0. What is a business?
A business is an entity whose sole purpose is to create and keep a customer.
Companies have three responsibilities:
- make a profit
- satisfy employees, and
- be socially responsible.
A business has only two functions - marketing and innovation.
- Peter F. Drucker
1. What is management?
Management is about supporting and guiding people to do the work.
Getting a task done is the most unappreciated skill. You have to get things done with efficiency, and effectiveness (doing the right things.).
2. What does a manager do?
The major tasks of a manager are: Setting objectives, organizing, motivating and communicating, measurement, and developing people.
Thus, the seven major tasks for the manager are:
1. Managing by objectives: In other words, getting all the jobs done, which will help fulfill the business's objectives.
2. Taking more risks and looking at a longer period ahead.
3. Making strategic decisions.
4. Building an integrated team, each member of which is capable of managing and of measuring personal performance and results in relation to the common objectives.
5. Communicating information fast and clearly.
6. Seeing the business as a whole and integrate the manager’s own function with it.
7. Seeing the business in relation to business in general. The traditional specialization in a few products or one industry will also no longer be enough.

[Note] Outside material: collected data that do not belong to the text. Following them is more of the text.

text \<open>For zeta = (ys, us) and zeta' = (ys', us'):  zeta[1,l] = zeta'[0,l-1] means
  tl ys = butlast ys' and tl us = butlast us'; the last input of zeta' is u;
  and zeta . zeta'[l-1,l] = (ys @ [last ys'], us @ [u]) lies in Pi_{l+1}.\<close>
definition SA :: "('x, 'u, 'y) ts \<Rightarrow> nat \<Rightarrow> ('y option list \<times> 'u option list, 'u, 'y) ts" where
  "SA S l =
    \<lparr> St = Pi S l,
      St0 = {win l 0 (Obs S \<circ> xs) us | n xs us. int_beh S n xs us},
      Inp = Inp S,
      Tr = {(\<zeta>, u, \<zeta>'). \<zeta> \<in> Pi S l \<and> \<zeta>' \<in> Pi S l \<and> u \<in> Inp S
              \<and> tl (fst \<zeta>) = butlast (fst \<zeta>') \<and> tl (snd \<zeta>) = butlast (snd \<zeta>')
              \<and> (snd \<zeta>' \<noteq> [] \<longrightarrow> last (snd \<zeta>') = Some u)
              \<and> (fst \<zeta> @ [last (fst \<zeta>')], snd \<zeta> @ [Some u]) \<in> Pi S (Suc l)},
      Out = Out S,
      Obs = (\<lambda>\<zeta>. the (last (fst \<zeta>))) \<rparr>"

definition is_SR :: "('a, 'u, 'y) ts \<Rightarrow> ('b, 'u, 'y) ts \<Rightarrow> ('a \<times> 'b) set \<Rightarrow> bool" where
  "is_SR Sa Sb R \<longleftrightarrow>
     R \<subseteq> St Sa \<times> St Sb
   \<and> (\<forall>xa0\<in>St0 Sa. \<exists>xb0\<in>St0 Sb. (xa0, xb0) \<in> R)
   \<and> (\<forall>(xa, xb)\<in>R. Obs Sa xa = Obs Sb xb)
   \<and> (\<forall>(xa, xb)\<in>R. Uen Sa xa \<subseteq> Uen Sb xb
        \<and> (\<forall>u\<in>Uen Sa xa. \<forall>xa'. (xa, u, xa') \<in> Tr Sa \<longrightarrow>
              (\<exists>xb'. (xb, u, xb') \<in> Tr Sb \<and> (xa', xb') \<in> R)))"
(* Let $X\subseteq U$ be a fixed set of $|X|=m$ keys and let $h:U\to[n]$ be a random simple tabulation hash function. For all $t\ge0$, $$\Pr\bigl[|h(X)|\ge \mu_0+2t\bigr]=O\!\left(\exp\!\left(\frac{-t^2}{2m^{2-1/c}}\right)\right),$$ and $$\Pr\bigl[|h(X)|\le \mu_0-2t\bigr]=O\!\left(\exp\!\left(\frac{-t^2}{2m^{2-1/c}}\right)+\frac{m^2}{nt^2}\right).$$
   Context: Simple tabulation hashing: the key universe is $U=[u]$, each key $x\in U$ is viewed as a vector $(x[0],\dots,x[c-1])$ of $c=O(1)$ characters from $\Sigma=[u^{1/c}]$; the range is $[n]=[2^r]$. $h(x)=h_0(x[0])\oplus\cdots\oplus h_{c-1}(x[c-1])$ with $h_0,\dots,h_{c-1}:\Sigma\to[2^r]$ independent fully random functions and $\oplus$ bitwise XOR. $\mu_0=n(1-(1-1/n)^m)$. The constants in $O(\cdot)$ may depend on $c$ only. *)

theory Defs
  imports Complex_Main "HOL-Library.FuncSet"
begin

text \<open>Simple tabulation hashing with c characters from the alphabet
  Sigma = {0..<s} and range [n] = {0..<2^r}.  A key is a vector of c characters,
  modelled as an extensional function {0..<c} -> Sigma.\<close>

definition keys :: "nat \<Rightarrow> nat \<Rightarrow> (nat \<Rightarrow> nat) set" where
  "keys c s = PiE {..<c} (\<lambda>_. {..<s})"

definition tab_space :: "nat \<Rightarrow> nat \<Rightarrow> nat \<Rightarrow> (nat \<Rightarrow> nat \<Rightarrow> nat) set" where
  "tab_space c s r = PiE {..<c} (\<lambda>_. PiE {..<s} (\<lambda>_. {..<2^r}))"

definition tab_hash :: "nat \<Rightarrow> (nat \<Rightarrow> nat \<Rightarrow> nat) \<Rightarrow> (nat \<Rightarrow> nat) \<Rightarrow> nat" where
  "tab_hash c H x = foldr (\<lambda>i acc. xor (H i (x i)) acc) [0..<c] 0"

definition tab_prob :: "nat \<Rightarrow> nat \<Rightarrow> nat \<Rightarrow> ((nat \<Rightarrow> nat \<Rightarrow> nat) \<Rightarrow> bool) \<Rightarrow> real" where
  "tab_prob c s r P = real (card {H \<in> tab_space c s r. P H}) / real (card (tab_space c s r))"

definition mu0 :: "nat \<Rightarrow> nat \<Rightarrow> real" where
  "mu0 n m = real n * (1 - (1 - 1 / real n) ^ m)"

end

theory Submission
  imports Defs "HOL-Probability.Hoeffding"
begin

text \<open>The number of empty bins is controlled by a martingale argument over the table entries.
  The keys are peeled off in groups \<open>G\<close> of keys sharing a character \<open>a\<close> at some position \<open>i\<close>;
  a group of size at most \<open>m\<^sup>1\<^sup>-\<^sup>1\<^sup>/\<^sup>c\<close> always exists, since otherwise the keys would not
  fit into the product of the character sets.  Given all other entries, the entry \<open>h\<^sub>i(a)\<close>
  moves the hash values of \<open>G\<close> by a uniformly random XOR mask and fixes those of the remaining
  keys, so by Hoeffding's lemma each group contributes \<open>(card G)\<^sup>2\<close> to the variance proxy, and
  these squares add up to at most \<open>m\<^sup>2\<^sup>-\<^sup>1\<^sup>/\<^sup>c\<close>.  A Chernoff bound gives the upper tail
  of \<open>card (h ` X)\<close>.  For the lower tail the argument loses the number of colliding pairs
  inside the groups; there are at most \<open>m\<^sup>2\<^sup>-\<^sup>1\<^sup>/\<^sup>c\<close> such pairs, their number of collisions has
  variance at most \<open>3\<^sup>c m\<^sup>2 / n\<close> because two collision events are independent unless the four
  keys pair up at every position, and Chebyshev's inequality bounds it.\<close>

lemma hoeffding_lemma_uniform:
  fixes A :: "'a set" and f :: "'a \<Rightarrow> real" and l :: real
  assumes "finite A" "A \<noteq> {}" "\<And>x. x \<in> A \<Longrightarrow> a \<le> f x \<and> f x \<le> b" "l \<ge> 0"
  shows "(\<Sum>x\<in>A. exp (l * (f x - sum f A / card A))) / card A \<le> exp (l\<^sup>2 * (b - a)\<^sup>2 / 8)"
proof (cases "l = 0")
  case True
  then show ?thesis using assms(1,2) by simp
next
  case False
  let ?M = "measure_pmf (pmf_of_set A)"
  have bounded: "interval_bounded_random_variable ?M f a b"
    unfolding interval_bounded_random_variable_def interval_bounded_random_variable_axioms_def
    using assms by (simp add: AE_measure_pmf_iff prob_space_measure_pmf)
  have mean: "integral\<^sup>L ?M f = sum f A / card A"
    using integral_pmf_of_set[OF assms(2,1), of f] by simp
  have "nn_integral ?M (\<lambda>x. exp (l * (f x - integral\<^sup>L ?M f))) \<le> ennreal (exp (l\<^sup>2 * (b - a)\<^sup>2 / 8))"
    by (rule interval_bounded_random_variable.Hoeffdings_lemma_nn_integral[OF bounded])
       (use assms False in auto)
  also have "nn_integral ?M (\<lambda>x. exp (l * (f x - integral\<^sup>L ?M f))) =
      (\<Sum>x\<in>A. ennreal (exp (l * (f x - sum f A / card A)))) / of_nat (card A)"
    unfolding mean nn_integral_pmf_of_set[OF assms(2,1)] by simp
  also have "\<dots> = ennreal (\<Sum>x\<in>A. exp (l * (f x - sum f A / card A))) / ennreal (card A)"
    by (subst sum_ennreal) (auto simp: ennreal_of_nat_eq_real_of_nat)
  also have "\<dots> = ennreal ((\<Sum>x\<in>A. exp (l * (f x - sum f A / card A))) / card A)"
    by (rule divide_ennreal) (use assms in \<open>auto simp: sum_nonneg card_gt_0_iff\<close>)
  finally show ?thesis
    by (subst (asm) ennreal_le_iff) auto
qed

Executive vs Manager vs Leader:
Executive does the job using the skills she/he is good at. A manager oversees the executives, helping and guiding them to get the job done. A leader is the one who has convinced them all with a vision, that is, he has explained to them why they have got to do what they they are doing.
3. How to analyze a business
A manager must know the business before getting to the daily work of managing/supervision.
What is our business? (mission)
Who is our customer?
What does the customer consider value?
What have been our results?
What is our plan?
(Source: Peter Drucker, the man responsible for business management as a field of study)
4. What are the main managerial skills?
A manager is a:
- Effective Communicator
- Observer of trends and emerging issues
- Analytical thinker
- A problem-solver with a team-oriented style
- Highly motivated and organized
- Superior leadership and coaching skills.
- Service-oriented attitude
- Capable of effecting change
- Be able to shift to requests that require response on short notice
- Pro-active self starter
- Ability to manage several strands of work simultaneously
- Enjoys the challenges & rewards of developing a cohesive practice infrastructure while maintaining a supportive knowledge-based community
- Creative approach to changing businesses
- Bringing new ideas into reality: improving efficiency; redesigning functions
- Great at business process analysis, design and delivery
- Generator of great, useful, highly readable, well-formatted reports.
- Great critical thinker, taking real-world, real-time decisions.
(Source: A job ad from Mckinsey)
14 Undervalued managerial skills:
- Ability to develop real relationships
- Openness to change
- Ability to improvise
- Empathy
- Holding yourself accountable
- Entrepreneurialism
- Focus and clarity
- Imagination and creativity
- Creating an environment of accountability: making decisions stick
- The ability to stick to the game plan - courage of convictions
- The ability to listen to the complainer
- Design acumen
- Knowing when to pull the trigger - place a bet and act
- The ability to balance the need for information with the need for action
(Source: A survey of Business writers on 800-CEO-READ.com)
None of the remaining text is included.